For the most part I agree with Alan's interpretation,
especially concerning the split <fyrr en>, but I prefer
Grace's non-literal reading of <í hljóði> (save that I'd say
'in secret'), and I take <af hinum meirum mönnum> to be
'from the greater [= more important] people', with preposed
definite article. (Of course if Þórð and Hrút are numbered
amongst the more important people, <hinum> could also be
'the other'.)
> Mundi mér slíkir hlutir þykja ísjáverðir.
> Such things would seem to me worth-looking-into.
> Such opportunities would to me seem worth looking into.
> Such things would seem to me worth-looking-into.
Definitely 'things': I'm pretty sure that the reference is
to the communications between Þórð and Hrút. I'm not sure
that they're really in a position to look into them; <ísjá>
is 'attention', so I suspect that in this case <ísjáverðr>
is 'worth paying attention to'.
> Veistu og það Höskuldur síðan er mál þeirra Þórðar godda
> og Vigdísar urðu að ekki verður slík blíða á með ykkur
> Þórði gelli sem áður þótt þú kæmir í fyrstu af þér með
> fégjöfum fjandskap þeirra frænda.
> You know (?) that Hoskuld next is their, Thord Goddi and
> Vigdis Urdu's, case that not happens such friendliness on
> with you-two, Thord Gelli and you, as already you thought
> come in first of you with gifts hostility to those
> relatives.
> You also know it, Hoskuld, afterwards, since their case,
> Thord goddi's and Vidis' happened, that friendliness is
> not between you (yourself and) Thord gelli as before
> although you first got rid og (koma af?) enmity of those
> kinsmen with gifts of money.
> You know that also, Höskuldr, from-the-time when (see
> síðan er) their case, Þórðr goddi and Vigdís, arose,
> that (there) was not such friendliness between you two,
> Þorðr gelli (and you) as before, even-though
> in-the-beginning you got rid of (see koma af sér, Z4)

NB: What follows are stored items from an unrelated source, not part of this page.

lemmas greenL_UNIV_if_greenL_Sa = greenL_mono[OF subsemigroup_Sa subsemigroup_UNIV subset_UNIV]
  and greenR_UNIV_if_greenR_Sa = greenR_mono[OF subsemigroup_Sa subsemigroup_UNIV subset_UNIV]
  and greenJ_UNIV_if_greenJ_Sa = greenJ_mono[OF subsemigroup_Sa subsemigroup_UNIV subset_UNIV]

lemma bex_Sa_iff: "(\<exists>t\<in>Sa a. P t) \<longleftrightarrow> (\<exists>s. P (s * a))"
  unfolding Sa_def by blast

lemma lprin_Sa_iff: "z \<in> lprin (Sa a) x \<longleftrightarrow> z = x \<or> (\<exists>s. z = s * a * x)"
  unfolding lprin_iff bex_Sa_iff ..

lemma rprin_Sa_iff: "z \<in> rprin (Sa a) x \<longleftrightarrow> z = x \<or> (\<exists>s. z = x * s * a)"
  unfolding rprin_iff bex_Sa_iff by (simp add: mult.assoc)

lemma jprin_Sa_iff:
  "z \<in> jprin (Sa a) x \<longleftrightarrow>
     z = x \<or> (\<exists>s. z = s * a * x) \<or> (\<exists>s. z = x * s * a) \<or> (\<exists>s t. z = s * a * x * t * a)"
  unfolding jprin_iff bex_Sa_iff by (simp add: mult.assoc)

lemma lprin_UNIV_iff: "z \<in> lprin UNIV x \<longleftrightarrow> z = x \<or> (\<exists>s. z = s * x)"
  by (simp add: lprin_iff)

lemma rprin_UNIV_iff: "z \<in> rprin UNIV x \<longleftrightarrow> z = x \<or> (\<exists>s. z = x * s)"
  by (simp add: rprin_iff)

lemma jprin_UNIV_iff:
  "z \<in> jprin UNIV x \<longleftrightarrow> z = x \<or> (\<exists>s. z = s * x) \<or> (\<exists>s. z = x * s) \<or> (\<exists>s t. z = s * x * t)"
  by (simp add: jprin_iff)

lemma P1_subset_Sa: "P1 a \<subseteq> Sa a"
  by (auto simp: P1_def)

lemma P2_subset_Sa: "P2 a \<subseteq> Sa a"
  by (auto simp: P2_def)

lemma P3_subset_Sa: "P3 a \<subseteq> Sa a"
  by (auto simp: P3_def Sa_iff)

lemma P1_iff: "x \<in> P1 a \<longleftrightarrow> x \<in> Sa a \<and> x \<in> lprin UNIV (a * x)"
  by (auto simp: P1_def greenL_UNIV_iff lprin_UNIV_iff)

lemma P2_iff: "x \<in> P2 a \<longleftrightarrow> x \<in> Sa a \<and> x \<in> jprin UNIV (a * x)"
  by (auto simp: P2_def greenJ_UNIV_iff jprin_UNIV_iff)

lemma P1_if_greenL_Sa:
  assumes "greenL (Sa a) x y" "x \<noteq> y" "x \<in> Sa a" shows "x \<in> P1 a"
proof -
  from assms(1,2) obtain s t where "x = s * a * y" "y = t * a * x"
    unfolding greenL_Sa_iff lprin_Sa_iff by metis
  then have "x = (s * a * t) * (a * x)" by (simp add: mult.assoc)
  with assms(3) show ?thesis unfolding P1_iff lprin_UNIV_iff by blast
qed

lemma lprin_Sa_if_P1:
  assumes "x \<in> lprin UNIV y" "y \<in> P1 a" shows "x \<in> lprin (Sa a) y"
proof -
  have "y \<in> lprin UNIV (a * y)" using assms(2) by (simp add: P1_iff)
  with assms(1) show ?thesis unfolding lprin_UNIV_iff lprin_Sa_iff
    by (elim disjE exE; metis mult.assoc)
qed

lemma greenL_Sa_if_P1:
  "greenL UNIV x y \<Longrightarrow> x \<in> P1 a \<Longrightarrow> y \<in> P1 a \<Longrightarrow> greenL (Sa a) x y"
  by (simp add: greenL_Sa_iff greenL_UNIV_iff lprin_Sa_if_P1)

lemma P3_if_greenR_Sa:
  assumes "greenR (Sa a) x y" "x \<noteq> y" shows "x \<in> P3 a"
proof -
  from assms obtain s t where "x = y * s * a" "y = x * t * a"
    unfolding greenR_Sa_iff rprin_Sa_iff by metis
  then have "x = x * (t * a * s) * a" by (simp add: mult.assoc)
  then show ?thesis unfolding P3_def by blast
qed

lemma rprin_Sa_if_P3:
  assumes "x \<in> rprin UNIV y" "x \<in> P3 a" shows "x \<in> rprin (Sa a) y"
proof -
  from assms(2) obtain s where "x = x * s * a" unfolding P3_def by blast
  with assms(1) show ?thesis unfolding rprin_UNIV_iff rprin_Sa_iff
    by (elim disjE exE; metis mult.assoc)
qed

lemma greenR_Sa_if_P3:
  "greenR UNIV x y \<Longrightarrow> x \<in> P3 a \<Longrightarrow> y \<in> P3 a \<Longrightarrow> greenR (Sa a) x y"
  by (simp add: greenR_Sa_iff greenR_UNIV_iff rprin_Sa_if_P3)

lemma P3_if_lprin:
  assumes "y \<in> lprin UNIV x" "x \<in> P3 a" shows "y \<in> P3 a"
proof -
  from assms(2) obtain s where "x = x * s * a" unfolding P3_def by blast
  with assms(1) show ?thesis unfolding lprin_UNIV_iff P3_def mem_Collect_eq
    by (elim disjE exE; metis mult.assoc)
qed

lemma P1_if_rprin:
  assumes "y \<in> rprin UNIV x" "x \<in> P1 a" "y \<in> Sa a" shows "y \<in> P1 a"
proof -
  have "x \<in> lprin UNIV (a * x)" using assms(2) by (simp add: P1_iff)
  with assms(1) have "y \<in> lprin UNIV (a * y)" unfolding lprin_UNIV_iff rprin_UNIV_iff
    by (elim disjE exE; metis mult.assoc)
  with assms(3) show ?thesis by (simp add: P1_iff)
qed

lemma Sa_if_lprin: "y \<in> lprin UNIV x \<Longrightarrow> x \<in> Sa a \<Longrightarrow> y \<in> Sa a"
  unfolding lprin_UNIV_iff Sa_iff by (metis mult.assoc)

lemma gclass_greenL_Sa_P1:
  assumes "x \<in> P1 a"
  shows "gclass greenL (Sa a) x = gclass greenL UNIV x \<inter> P1 a"
proof (rule set_eqI)
  fix y
  have "y \<in> P1 a" if "y \<in> Sa a" "greenL (Sa a) x y"
    using assms P1_if_greenL_Sa[OF greenL_sym[OF that(2)] _ that(1)] by metis
  then show "y \<in> gclass greenL (Sa a) x \<longleftrightarrow> y \<in> gclass greenL UNIV x \<inter> P1 a"
    using assms P1_subset_Sa
    by (auto simp: gclass_iff intro: greenL_UNIV_if_greenL_Sa greenL_Sa_if_P1)
qed

lemma gclass_greenL_Sa_not_P1:
  "x \<in> Sa a \<Longrightarrow> x \<notin> P1 a \<Longrightarrow> gclass greenL (Sa a) x = {x}"
  by (rule gclass_eq_singleton) (auto simp: greenL_refl dest: P1_if_greenL_Sa)

lemma gclass_greenR_Sa_P3:
  assumes "x \<in> P3 a"
  shows "gclass greenR (Sa a) x = gclass greenR UNIV x \<inter> P3 a"
proof (rule set_eqI)
  fix y
  have "y \<in> P3 a" if "greenR (Sa a) x y"
    using assms P3_if_greenR_Sa[OF greenR_sym[OF that]] by metis
  then show "y \<in> gclass greenR (Sa a) x \<longleftrightarrow> y \<in> gclass greenR UNIV x \<inter> P3 a"
    using assms P3_subset_Sa
    by (auto simp: gclass_iff intro: greenR_UNIV_if_greenR_Sa greenR_Sa_if_P3)
qed

lemma gclass_greenR_Sa_not_P3:
  "x \<in> Sa a \<Longrightarrow> x \<notin> P3 a \<Longrightarrow> gclass greenR (Sa a) x = {x}"
  by (rule gclass_eq_singleton) (auto simp: greenR_refl dest: P3_if_greenR_Sa)

lemma gclass_greenH_Sa_P1_P3:
  assumes "x \<in> P1 a" "x \<in> P3 a"
  shows "gclass greenH (Sa a) x = gclass greenH UNIV x"
proof -
  have "y \<in> P1 a \<inter> P3 a" if "greenL UNIV x y" "greenR UNIV x y" for y
  proof -
    have "y \<in> Sa a"
      using that(1) assms(1) P1_subset_Sa by (auto simp: greenL_UNIV_iff intro: Sa_if_lprin)
    then show ?thesis using that assms
      by (auto simp: greenL_UNIV_iff greenR_UNIV_iff intro: P1_if_rprin P3_if_lprin)
  qed
  then show ?thesis
    unfolding gclass_greenH gclass_greenL_Sa_P1[OF assms(1)] gclass_greenR_Sa_P3[OF assms(2)]
    by (auto simp: gclass_iff)
qed

lemma gclass_greenH_Sa_not_P1_P3:
  assumes "x \<in> Sa a" "x \<notin> P1 a \<inter> P3 a"
  shows "gclass greenH (Sa a) x = {x}"
proof -
  have "x \<in> gclass greenL (Sa a) x \<inter> gclass greenR (Sa a) x"
    using assms(1) by (simp add: gclass_iff greenL_refl greenR_refl)
  with assms show ?thesis
    unfolding gclass_greenH by (auto simp: gclass_greenL_Sa_not_P1 gclass_greenR_Sa_not_P3)
qed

> (the) hostility of those kinsmen with gifts-of-money.
Or simply 'since their case, ..., arose'.
> Nú þætti oss hitt ráðlegra að þú byðir Hrúti bróður þínum
> sæmilega því að þar er fangs von af frekum úlfi.

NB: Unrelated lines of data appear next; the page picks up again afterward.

text \<open>An affine minorant of \<open>min 1 y\<close> in \<open>ln y\<close> and \<open>y\<close>; when \<open>y = exp l\<close> has mean one,
  it integrates to \<open>(1 + \<integral>l)/2\<close>.\<close>
lemma min_one_exp_ge:
  fixes l :: real
  shows "1/2 + l/2 - (exp l - 1)/4 \<le> min 1 (exp l)"
proof (cases "0 \<le> l")
  case True
  have "(1 + l/2)^2 - (2*l - 1) = (l/2 - 1)^2 + 1"
    by (simp add: power2_eq_square field_simps)
  then have "2*l - 1 \<le> (1 + l/2)^2"
    using zero_le_power2[of "l/2 - 1"] by linarith
  then have "2*l - 1 \<le> exp l"
    using square_one_plus_half_le_exp[of l] True by linarith
  then have "1/2 + l/2 - (exp l - 1)/4 \<le> 1" by (simp add: field_simps)
  then show ?thesis using True by simp
next
  case False
  have "3 + 2*l \<le> 5 * exp l"
  proof (cases "-2 \<le> l")
    case True
    have "5 * (1 + l/2)^2 - (3 + 2*l) = 5/4 * (l + 6/5)^2 + 1/5"
      by (simp add: power2_eq_square field_simps)
    then have "3 + 2*l \<le> 5 * (1 + l/2)^2"
      using zero_le_power2[of "l + 6/5"] by linarith
    then show ?thesis
      using square_one_plus_half_le_exp[OF True] by linarith
  qed (use exp_gt_zero[of l] in linarith)
  then show ?thesis using False by (simp add: field_simps)
qed

text \<open>A Bretagnolle-Huber type inequality: if \<open>exp l\<close> is the density of a second law
  with respect to \<open>M\<close>, the error probabilities of a randomised test \<open>g\<close> under the two
  laws add up to at least \<open>(1 - KL)/2\<close>, where \<open>KL = -(\<integral>l dM)\<close>.\<close>
lemma testing_errors_ge:
  fixes g l :: "'a \<Rightarrow> real"
  assumes "finite (set_pmf M)" and "\<And>x. 0 \<le> g x \<and> g x \<le> 1"
    and "measure_pmf.expectation M (\<lambda>x. exp (l x)) = 1"
  shows "(1 + measure_pmf.expectation M l) / 2
       \<le> measure_pmf.expectation M g + measure_pmf.expectation M (\<lambda>x. (1 - g x) * exp (l x))"
proof -
  note integrable = integrable_measure_pmf_finite[OF assms(1)]
  have "1/2 + l x/2 - (exp (l x) - 1)/4 \<le> g x + (1 - g x) * exp (l x)" for x
  proof -
    have "g x * (1 - exp (l x)) \<ge> 0" if "exp (l x) \<le> 1"
      using assms(2)[of x] that by simp
    moreover have "(1 - g x) * (exp (l x) - 1) \<ge> 0" if "\<not> exp (l x) \<le> 1"
      using assms(2)[of x] that by simp
    ultimately have "min 1 (exp (l x)) \<le> g x + (1 - g x) * exp (l x)"
      by (cases "exp (l x) \<le> 1") (auto simp: min_def algebra_simps)
    then show ?thesis using min_one_exp_ge[of "l x"] by linarith
  qed
  then have "measure_pmf.expectation M (\<lambda>x. 1/2 + l x/2 - (exp (l x) - 1)/4)
      \<le> measure_pmf.expectation M (\<lambda>x. g x + (1 - g x) * exp (l x))"
    by (intro integral_mono integrable)
  then show ?thesis
    using assms(3) by (simp add: integrable Bochner_Integration.integral_add
        Bochner_Integration.integral_diff)
qed

lemma exists_ge_of_sum_ge:
  fixes a c :: real
  assumes "finite S" and "(real (card S) + 1) * c \<le> a + (\<Sum>j\<in>S. b j)"
  shows "c \<le> a \<or> (\<exists>j\<in>S. c \<le> b j)"
proof (rule ccontr)
  assume "\<not> ?thesis"
  then have "a < c" and "\<And>j. j \<in> S \<Longrightarrow> b j \<le> c" by auto
  then have "a < c" and "(\<Sum>j\<in>S. b j) \<le> real (card S) * c"
    by (auto intro: sum_bounded_above)
  with assms(2) show False by (simp add: algebra_simps)
qed

section \<open>Policy values and simple regret\<close>

lemma finite_interventions [simp]: "finite (interventions n)"
proof -
  have "interventions n \<subseteq> insert Obs ((\<lambda>(j, b). Do j b) ` ({1..n} \<times> UNIV))"
    unfolding interventions_def by auto
  then show ?thesis by (rule finite_subset) auto
qed

lemma Obs_in_interventions [simp]: "Obs \<in> interventions n"
  by (simp add: interventions_def)

lemma const_in_policies: "a \<in> interventions n \<Longrightarrow> (\<lambda>_. a) \<in> policies n k"
  by (simp add: policies_def)

lemma finite_set_Xdist [simp]: "finite (set_pmf (Xdist n q a))"
  unfolding Xdist_def
  by (rule finite_subset[OF set_Pi_pmf_subset']) (auto intro!: finite_PiE_dflt)

lemma finite_set_bernoulli_pmf [simp]: "finite (set_pmf (bernoulli_pmf p))"
  by (rule finite_subset[of _ UNIV]) auto

lemma sum_Pmat_le_1: "(\<Sum>i\<in>{1..k}. Pmat n q0 tr a i) \<le> 1"
  unfolding Pmat_def by (simp flip: measure_measure_pmf_finite)

lemma exp_reward_bounds:
  assumes "\<And>i x. 0 \<le> rw i x \<and> rw i x \<le> 1"
  shows "0 \<le> exp_reward n qs rw i a \<and> exp_reward n qs rw i a \<le> 1"
  unfolding exp_reward_def using assms by (rule expectation_unit_interval)

context
  fixes n k :: nat and q0 :: "nat \<Rightarrow> real" and tr :: "(nat \<Rightarrow> bool) \<Rightarrow> nat pmf"
    and qs :: "nat \<Rightarrow> nat \<Rightarrow> real" and rw :: "nat \<Rightarrow> (nat \<Rightarrow> bool) \<Rightarrow> real"
  assumes reward_bounds: "\<And>i x. 0 \<le> rw i x \<and> rw i x \<le> 1"
begin

lemma pvalue_bounds: "0 \<le> pvalue n k q0 tr qs rw \<pi> \<and> pvalue n k q0 tr qs rw \<pi> \<le> 1"
proof
  have "pvalue n k q0 tr qs rw \<pi> \<le> (\<Sum>i\<in>{1..k}. Pmat n q0 tr (\<pi> 0) i)"
    unfolding pvalue_def using exp_reward_bounds[OF reward_bounds]
    by (intro sum_mono mult_right_le_one_le) (auto simp: Pmat_def)
  then show "pvalue n k q0 tr qs rw \<pi> \<le> 1" using sum_Pmat_le_1 by (rule order_trans)
  show "0 \<le> pvalue n k q0 tr qs rw \<pi>"
    unfolding pvalue_def using exp_reward_bounds[OF reward_bounds]
    by (intro sum_nonneg mult_nonneg_nonneg) (auto simp: Pmat_def)
qed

> Now it-seemed-to us the most advisable that you offer
> Hrut, your brother, similarly because there it is hard to
> deal with a hungry wolf. (Z. fang 2 fangs er ván at
> frekum úlfi, it is hard to deal with a hungry wolf)
> Now (it) seems to us more advisable that you offer your
> brother, Hrut, honourably because it is hard to deal with
> a hungry wolf (Z).
> Now, (the) other (course) (hitt) seemed to us
> more-advisable, that you offer to Hrútr, your brother,
> honourably because there is an expectation of grappling
> from a greedy wolf (it is hard to deal with a hungry
> wolf).
Here I'm pretty sure that <hitt> is emphatic 'that': 'Now
*that* would seem to us more advisable, that you offer ...'.